Patients are asked to fill out a questionnaire before their first consultation, and then at six, 12 and 18 months after their treatment. The initial questionnaire is compared with data from other patients to identify patterns and suggest possible diagnoses.
“Diagnostically, it’s not a one-to-one relationship between the areas of pain and the causes, but there are certain patterns that correlate very well,” explains Dr Verrills. “For example, we’ve seen that where patients pinpoint the dimples in their lower back, there is about a 65 percent chance that the root cause of the problem lies in their sacroiliac joints. Other patterns indicate other causes and suggest possible treatments, and we are able to route patients to the most appropriate specialists for a full diagnosis.”
Boosting the follow-up rate
The follow-up questionnaires are used to assess the effectiveness of the treatment over time, which is critical both for the ongoing care of individual patients and for the many research projects that the Clinic is engaged in. Since the questionnaires are quick and easy to complete, and can be accessed either at the Clinic or via the internet from a patient’s home PC, completion rates are much higher than with the old paper-based system.
“We’re now averaging 85 percent for our follow-up rate, which is excellent,” says Adele Barnard. “In several high-profile studies, we have even achieved 100 percent follow-up, which is almost unheard-of. This gives the results of our research much more weight, because we aren’t missing any results that might be significant.”
Dr Verrills adds: “We have recently published the results of a major clinical study in the peer-reviewed journal, Pain Medicine. The study focused on peripheral nerve field stimulation in the treatment of chronic craniofacial, thoracic, lumbosacral, abdominal, pelvic and groin pain. We were able to provide the results of 100 consecutive cases where we’d used these implants, and we showed that in the vast majority of cases the treatment had been very successful. Our data could help to get these implants licensed for wider use, which could potentially benefit thousands of patients worldwide.”
Looking to the future
In the near future, Clinical Intelligence will roll out a new web portal that will enable physicians to access and analyse the questionnaire data in real time – even while they are in consultation with a patient. The ability to directly interrogate the data and find patterns should enable even more accurate diagnoses, as well as helping doctors communicate more effectively about possible treatments and outcomes.

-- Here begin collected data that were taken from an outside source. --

(* Let $K$ be a field of characteristic $p>0$ and $A^*$ a graded Hopf algebra over $K$ with a decreasing filtration $\mathfrak F=(F_iA^* )_{i\in\mathbb Z}$ satisfying (E1), (E2), (E3), (E4), (E6), (E7), (E8). A left $A^*$-module $M^*$ with structure map $\alpha\colon A^*\otimes M^*\to M^*$ is unstable with respect to $\mathfrak F$ if and only if $\alpha\big((F_{2i+\varepsilon}A^* )^{2i(p-1)+\varepsilon}\otimes M^k\big)=\{0\}$ for all $i\in\mathbb Z$, $\varepsilon\in\{0,1\}$ and $k\in\mathbb Z$ with $k<2i+\varepsilon$.
   Context: Let $A^*$ be a graded Hopf algebra over a field $K$ of characteristic $p$, with product $\mu$ and a decreasing filtration $\mathfrak F=(F_iA^* )_{i\in\mathbb Z}$ by graded subspaces. A left $A^*$-module $M^*$ with structure map $\alpha$ is unstable if $\alpha(F_{n+1}A^*\otimes M^n)=\{0\}$ for all $n\in\mathbb Z$. Put $E_i^jA^*=(F_iA^* )^j/(F_{i+1}A^* )^j$. Conditions: (E1) $F_iA^*=A^*$ for $i\le0$; (E2) $\bigcap_iF_iA^*=\{0\}$; (E3) each $F_iA^*$ is a left ideal; (E4) $\mu(F_iA^*\otimes A^j)\subset F_{i-j}A^*$ for all $i,j$; (E6) for $i,k\in\mathbb Z$, $\varepsilon\in\{0,1\}$, $E_{2i+\varepsilon}^kA^*=\{0\}$ if $k<2i(p-1)+\varepsilon$ or $2i+\varepsilon+k\not\equiv0,2\pmod{2p}$; (E7) $\dim E_{2i+\varepsilon}^{2i(p-1)+\varepsilon}A^*=1$ for $i\ge0$, $\varepsilon\in\{0,1\}$; (E8) for all integers $i,j\ge0$ and $\varepsilon\in\{0,1\}$, the map $\tilde\mu_{2i+\varepsilon}^{2i(p-1)+\varepsilon,j}\colon E_{2i+\varepsilon}^{2i(p-1)+\varepsilon}A^*\otimes(A^*/F_{2i-j+\varepsilon+1}A^* )^j\to E_{2i-j+\varepsilon}^{2i(p-1)+j+\varepsilon}A^*$, $[a]\otimes[b]\mapsto[ab]$ (well defined by (E3),(E4)), is an isomorphism. *)

theory Defs
  imports Complex_Main
begin

(* A graded vector space over the field 'k: the ambient type 'v (a K-vector space
   via the scalar multiplication s) is the internal direct sum of the subspaces V j,
   j \<in> int (V j = V^j, the homogeneous part of degree j). *)
definition graded_vs :: "('k::field \<Rightarrow> 'v::ab_group_add \<Rightarrow> 'v) \<Rightarrow> (int \<Rightarrow> 'v set) \<Rightarrow> bool" where
  "graded_vs s V \<longleftrightarrow> vector_space s
     \<and> (\<forall>j. module.subspace s (V j))
     \<and> module.span s (\<Union>j. V j) = UNIV
     \<and> (\<forall>J f. finite J \<longrightarrow> (\<forall>j\<in>J. f j \<in> V j) \<longrightarrow> (\<Sum>j\<in>J. f j) = 0 \<longrightarrow> (\<forall>j\<in>J. f j = 0))"

definition graded_subspace :: "('k::field \<Rightarrow> 'v::ab_group_add \<Rightarrow> 'v) \<Rightarrow> (int \<Rightarrow> 'v set) \<Rightarrow> 'v set \<Rightarrow> bool" where
  "graded_subspace s V S \<longleftrightarrow> module.subspace s S \<and> S \<subseteq> module.span s (\<Union>j. S \<inter> V j)"

definition graded_algebra :: "('k::field \<Rightarrow> 'a::ab_group_add \<Rightarrow> 'a) \<Rightarrow> (int \<Rightarrow> 'a set)
    \<Rightarrow> ('a \<Rightarrow> 'a \<Rightarrow> 'a) \<Rightarrow> 'a \<Rightarrow> bool" where
  "graded_algebra s A mul one \<longleftrightarrow> graded_vs s A
     \<and> (\<forall>x y z. mul (x + y) z = mul x z + mul y z)
     \<and> (\<forall>x y z. mul x (y + z) = mul x y + mul x z)
     \<and> (\<forall>c x y. mul (s c x) y = s c (mul x y))
     \<and> (\<forall>c x y. mul x (s c y) = s c (mul x y))
     \<and> (\<forall>x y z. mul (mul x y) z = mul x (mul y z))
     \<and> one \<in> A 0 \<and> (\<forall>x. mul one x = x \<and> mul x one = x)
     \<and> (\<forall>i j x y. x \<in> A i \<longrightarrow> y \<in> A j \<longrightarrow> mul x y \<in> A (i + j))"
(* Let $A,C,\varepsilon_g$ be positive constants with $\varepsilon_g<1/2$, and let $r>0$ be a fixed constant. For $N$ sufficiently large the following holds: whenever $x<y$ are in $I_W$ with $|x-y|\ge N^{\varepsilon_g}$, there do not exist real numbers $D_1,D_2,D_3,D_4$ with $r^2\le D_1^2+D_2^2+D_3^2+D_4^2\le N^{A}$ such that \[\sum_{i=1}^n\|D_1b_i(x)+D_2c_i(x)+D_3b_i(y)+D_4c_i(y)\|_{\mathbb R/\mathbb Z}^2\le C\log N.\]
   Context: Let $0<c_1<c_2$ be constants, $n$ a large integer and $M$ a large parameter (possibly growing with $n$) with $I_W:=[c_1M,c_2M]\subset[0,\sqrt n-M]$; set $N:=M$. For $x>0$ and $1\le i\le n$ let $b_i(x)=\sqrt N\,e^{-x^2/2}\,x^i/\sqrt{i!}$ and $c_i(x)=b_i'(x)=\sqrt N\,e^{-x^2/2}\,\frac{i-x^2}{x}\,\frac{x^i}{\sqrt{i!}}$. For $t\in\mathbb R$, $\|t\|_{\mathbb R/\mathbb Z}$ denotes the distance from $t$ to the nearest integer. *)

theory Defs
  imports Complex_Main
begin

definition dist_Z :: "real \<Rightarrow> real" where
  "dist_Z t = \<bar>t - of_int (round t)\<bar>"

definition bfun :: "real \<Rightarrow> nat \<Rightarrow> real \<Rightarrow> real" where
  "bfun N i x = sqrt N * exp (- (x^2) / 2) * x ^ i / sqrt (fact i)"

definition cfun :: "real \<Rightarrow> nat \<Rightarrow> real \<Rightarrow> real" where
  "cfun N i x = sqrt N * exp (- (x^2) / 2) * ((real i - x^2) / x) * x ^ i / sqrt (fact i)"

end

theory Submission
  imports Defs "HOL-Real_Asymp.Real_Asymp"
begin

text \<open>The terms \<open>bfun N i z\<close> are \<open>sqrt N\<close> times square roots of Poisson(\<open>z\<^sup>2\<close>) probabilities, and
  \<open>cfun N i z = bfun N i z * (i - z\<^sup>2) / z\<close>. Let \<open>z\<close> be the one of \<open>x, y\<close> whose coefficient pair
  \<open>(D, D')\<close> has the larger \<open>|D| + |D'|\<close>, and \<open>w\<close> the other one. On the side of \<open>z\<^sup>2\<close> away from \<open>w\<^sup>2\<close>
  the terms at \<open>w\<close> carry the factor \<open>exp (- (z - w)\<^sup>2 / 2)\<close>, negligible because
  \<open>|x - y| \<ge> N powr eps_g\<close>. So along a window of about \<open>3 N\<^sup>1\<^sup>/\<^sup>4 z\<close> indices ending at \<open>z\<^sup>2\<close> the
  summand is, up to a tiny error, a slowly varying positive weight times the affine function
  \<open>D + D' (i - z\<^sup>2) / z\<close>: it is below \<open>1/4\<close> at the far end of the window, and at least a fixed
  \<open>2 \<delta> > 0\<close> on about \<open>z / 8\<close> indices near \<open>z\<^sup>2\<close>, where the weights are of size \<open>z\<^sup>-\<^sup>1\<^sup>/\<^sup>2\<close>. As
  \<open>dist_Z t = |t|\<close> for \<open>|t| \<le> 1/2\<close>, either these indices contribute \<open>\<delta>\<^sup>2\<close> each, or the summand
  climbs from below \<open>1/4\<close> to above \<open>1/2\<close>. Since the weight changes by at most a factor \<open>2\<close> over
  \<open>m \<approx> C log N\<close> steps and an affine function is small only on a short interval, at least
  \<open>3 m / 4 - 1\<close> of these steps land in \<open>[1/128, 1/2]\<close>. Either way the sum exceeds \<open>C log N\<close>.\<close>

section \<open>Poisson weights\<close>

text \<open>\<open>exp (2 * log_weight z i)\<close> is the Poisson(\<open>z\<^sup>2\<close>) probability of \<open>i\<close>; its mode is near \<open>z\<^sup>2\<close>.\<close>
definition log_weight :: "real \<Rightarrow> nat \<Rightarrow> real" where
  "log_weight z i = real i * ln z - z\<^sup>2 / 2 - ln (fact i) / 2"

“One thing we’re hoping to be able to do is take a more predictive approach to the possible outcomes of different types of treatment,” says Dr Verrills. “The model’s there: if we can look at the pain pattern in an initial questionnaire and compare it to similar previous cases, we could then look at the different treatments used in those cases and how effective they were. Then we could potentially give the patient some idea of the possible treatment options and their likely outcomes. It’s what doctors do all the time: the difference is that we’d be basing our advice on hard numbers, not just anecdotal evidence. This is really exciting, and could be a potential game-changer for the whole healthcare sector.”